Ders : Sosyal Bilimler
Ödev: MİLLİ BİRLİK VE BERABERLİK
VATANIN BÖLÜNMEZLİĞİ
Vatan Anlayışı
Vatan, kültürel değerlerimizin bulunduğu bir coğrafyadır. Bu
coğrafya ilk bakışta bir kara parçasıdır. Bu kara parçası tehlikeye
girdiği zaman, uğrunda kanlar dökülür; canlar verilir. Nice analar
yavrularını, nice gelinler yiğitlerini yitirir. O zaman bu coğrafyanın
taşı, toprağı, dağı, ırmağı başka bir anlam taşır. Her biri düşmana
aşılmaz bir engel ve bir uçurum olur. O toprak parçası hemen baş tacı
edilir. Bu cansız coğrafya, her karış toprağı şehit kanlarıyla sulanmış
bir vatan olur. Bunun için Mithat Cemal, “Toprak, eğer uğrunda ölen
varsa vatandır.” diyor. Bunun için Orhan Şaik:
“Her taşı bir yakut olan bu vatan,
Can verme sırrına erenlerindir.” diyor. Yine bunun için Mehmet Akif:
“Kim bu cennet vatan uğruna olmaz ki feda,
Şüheda fışkıracak toprağı sıksan şüheda” diyor.
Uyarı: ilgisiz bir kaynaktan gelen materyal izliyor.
lemma not_reversible_if_two_sided_linear:
  assumes "prime d" and "d dvd c 0" "d dvd c 1" "d dvd c 2" "d dvd c 3"
    and "\<not> d dvd c 4" "\<not> d dvd c 6"
  shows "\<exists>n\<ge>1. \<not> reversible d c n"
proof -
  have d: "d \<ge> 2"
    using assms(1) prime_ge_2_nat by blast
  have "int d \<ge> 2"
    using d by simp
  moreover have "coprime (int (c 4)) (int d)" "coprime (int (c 6)) (int d)"
    using assms(1,6,7) prime_imp_coprime by (simp_all add: coprime_commute)
  ultimately obtain p u where "p \<ge> 2" "u 0 = 0" "u 1 = 1" "u p = 0"
    and recurrence: "\<forall>k. [int (c 4) * u k + int (c 5) * u (Suc k)
                              + int (c 6) * u (Suc (Suc k)) = 0] (mod int d)"
    by (rule recurrence_returns_to_zero[where \<beta> = "int (c 5)"])
  define X where "X = map u [1..<p]"
  have cell: "int_cell X j = u (nat (j + 1))" if "-1 \<le> j" "j \<le> int p - 1" for j
  proof (cases "0 \<le> j \<and> j < int p - 1")
    case True
    moreover have "nat j < p - 1"
      using True \<open>p \<ge> 2\<close> by (simp add: nat_less_iff of_nat_diff)
    ultimately show ?thesis
      using \<open>p \<ge> 2\<close> by (simp add: int_cell_def X_def nat_add_distrib)
  next
    case False
    with that have "j = -1 \<or> j = int p - 1"
      by linarith
    with False \<open>u 0 = 0\<close> \<open>u p = 0\<close> \<open>p \<ge> 2\<close> show ?thesis
      by (auto simp: int_cell_def X_def)
  qed
  have "int d dvd int (c 0)" "int d dvd int (c 1)" "int d dvd int (c 2)" "int d dvd int (c 3)"
    using assms(2-5) by simp_all
  then have "[fdca_poly c (u i) (u (Suc i)) (u (Suc (Suc i))) = fdca_poly c 0 0 0] (mod int d)"
    for i
    using recurrence[rule_format, of i] unfolding cong_iff_dvd_diff fdca_poly_def by algebra
  moreover have "int_global_map c X ! i = fdca_poly c (u i) (u (Suc i)) (u (Suc (Suc i)))"
    if "i < p - 1" for i
  proof -
    have "int_cell X (int i - 1) = u i" "int_cell X (int i) = u (Suc i)"
      "int_cell X (int i + 1) = u (Suc (Suc i))"
      using cell[of "int i - 1"] cell[of "int i"] cell[of "int i + 1"] that
      by (simp_all add: nat_add_distrib)
    moreover have "length X = p - 1"
      by (simp add: X_def)
    ultimately show ?thesis
      using that by (simp add: int_global_map_def)
  qed
  moreover have "int_global_map c (replicate (p - 1) 0) ! i = fdca_poly c 0 0 0"
    if "i < p - 1" for i
  proof -
    have "int_cell (replicate n 0) j = 0" for n j
      by (simp add: int_cell_def nat_less_iff)
    then show ?thesis
      using that by (simp add: int_global_map_def)
  qed
  ultimately have "list_all2 (\<lambda>x y. [x = y] (mod int d))
               (int_global_map c X) (int_global_map c (replicate (p - 1) 0))"
    by (simp add: list_all2_conv_all_nth X_def)
  moreover have "\<not> list_all2 (\<lambda>x y. [x = y] (mod int d)) X (replicate (p - 1) 0)"
  proof
    assume "list_all2 (\<lambda>x y. [x = y] (mod int d)) X (replicate (p - 1) 0)"
    from list_all2_nthD[OF this, of 0] have "[u 1 = 0] (mod int d)"
      using \<open>p \<ge> 2\<close> by (simp add: X_def)
    with \<open>u 1 = 1\<close> show False
      using not_cong_add_one[OF d, of 0] by (simp add: cong_sym_eq)
  qed
  ultimately have "\<not> reversible d c (length X)"
    using not_reversible_if_collision d by simp
  then show ?thesis
    using \<open>p \<ge> 2\<close> by (intro exI[of _ "p - 1"]) (simp add: X_def)
qed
Gerektiğinde vatanı savunmak için insanları severek ölüme
***üren yüce duygulardan biri de din duygusudur. Özellikle İslamiyet’in
verdiği şehitlik makamı hiçbir dinde yoktur. Hiçbir dinde İslamdaki
şehit olmak şerefi kadar kuvvetli bir unsur bulunmamaktadır. Bu unsur,
bizim tarihimizde, zaferlerin kazanılmasında en büyük etkenlerden biri
olmuştur. Analar oğullarını cephelere “Ya şehit ol, ya gazi” diyerek
göndermişlerdir.
Şehitler ve gaziler sayesinde bugün biz vatanımızda hür
yaşamaktayız. Yine onlar sayesinde üzerinde yaşadığımız toprak parçası
vatan olmuştur. Diğer yandan, atalarımızın binlerce yıldır bıraktığı
camiler, hanlar, hamamlar, kervansaraylar, okullar, külliyeler, köprüler,
çeşmeler, saraylar, kışlalar, kütüphaneler, kapalı çarşılar ve çeşitli
sanat eserleri, üzerinde yaşadığımız coğrafyayı vatan yapan abidelerdir.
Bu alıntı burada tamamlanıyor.